### Raw data:
text \<open>
  Mixing with a doubly stochastic matrix preserves the network average, and each Frank-Wolfe
  update moves the average by at most \<open>\<eta>\<^sub>k D\<close>. For the consensus error \<open>E\<^sub>k\<close> of the
  mixed iterates and \<open>e\<^sub>k\<close> of the unmixed ones, the contraction gives \<open>E\<^sub>k \<le> \<lambda> e\<^sub>k\<close>,
  the diameter gives \<open>e\<^sub>k \<le> \<surd>n D\<close>, and convexity of the update gives
  \<open>e\<^sub>k\<^sub>+\<^sub>1 \<le> (1 - \<eta>\<^sub>k) E\<^sub>k + \<eta>\<^sub>k \<surd>n D\<close>. The defining property of \<open>k\<^sub>0\<close> turns this
  recursion into \<open>E\<^sub>k \<le> 2 k\<^sub>0 \<surd>n D / (k + 2)\<close>, and comparing both mixed iterates with
  their averages yields the bound.
\<close>

lemma k0_of_spec:
  assumes "lam < 1"
  shows "0 < k0_of lam \<and> lam \<le> (real (k0_of lam) / (real (k0_of lam) + 1))\<^sup>2"
proof -
  define m where "m = nat \<lceil>2 / (1 - lam)\<rceil>"
  have m_ge: "2 / (1 - lam) \<le> real m" unfolding m_def by linarith
  have "0 < 2 / (1 - lam)" using assms by simp
  then have m_pos: "0 < m" using m_ge by linarith
  have "2 \<le> real m * (1 - lam)"
    using m_ge assms by (simp add: divide_le_eq)
  then have "2 \<le> (real m + 1) * (1 - lam)"
    using assms by (simp add: algebra_simps)
  then have "2 / (real m + 1) \<le> 1 - lam"
    by (simp add: divide_le_eq mult.commute)
  then have "lam \<le> 1 - 2 / (real m + 1)"
    by linarith
  also have "\<dots> \<le> (real m / (real m + 1))\<^sup>2"
    by (simp add: divide_simps power2_eq_square) (simp add: algebra_simps)
  finally have "0 < m \<and> lam \<le> (real m / (real m + 1))\<^sup>2"
    using m_pos by simp
  then show ?thesis
    unfolding k0_of_def by (rule LeastI)
qed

### Instructions for the task:
Which lines in the material above include the string "gives"? Pull them out.

### Written solution:
  mixed iterates and \<open>e\<^sub>k\<close> of the unmixed ones, the contraction gives \<open>E\<^sub>k \<le> \<lambda> e\<^sub>k\<close>,
  the diameter gives \<open>e\<^sub>k \<le> \<surd>n D\<close>, and convexity of the update gives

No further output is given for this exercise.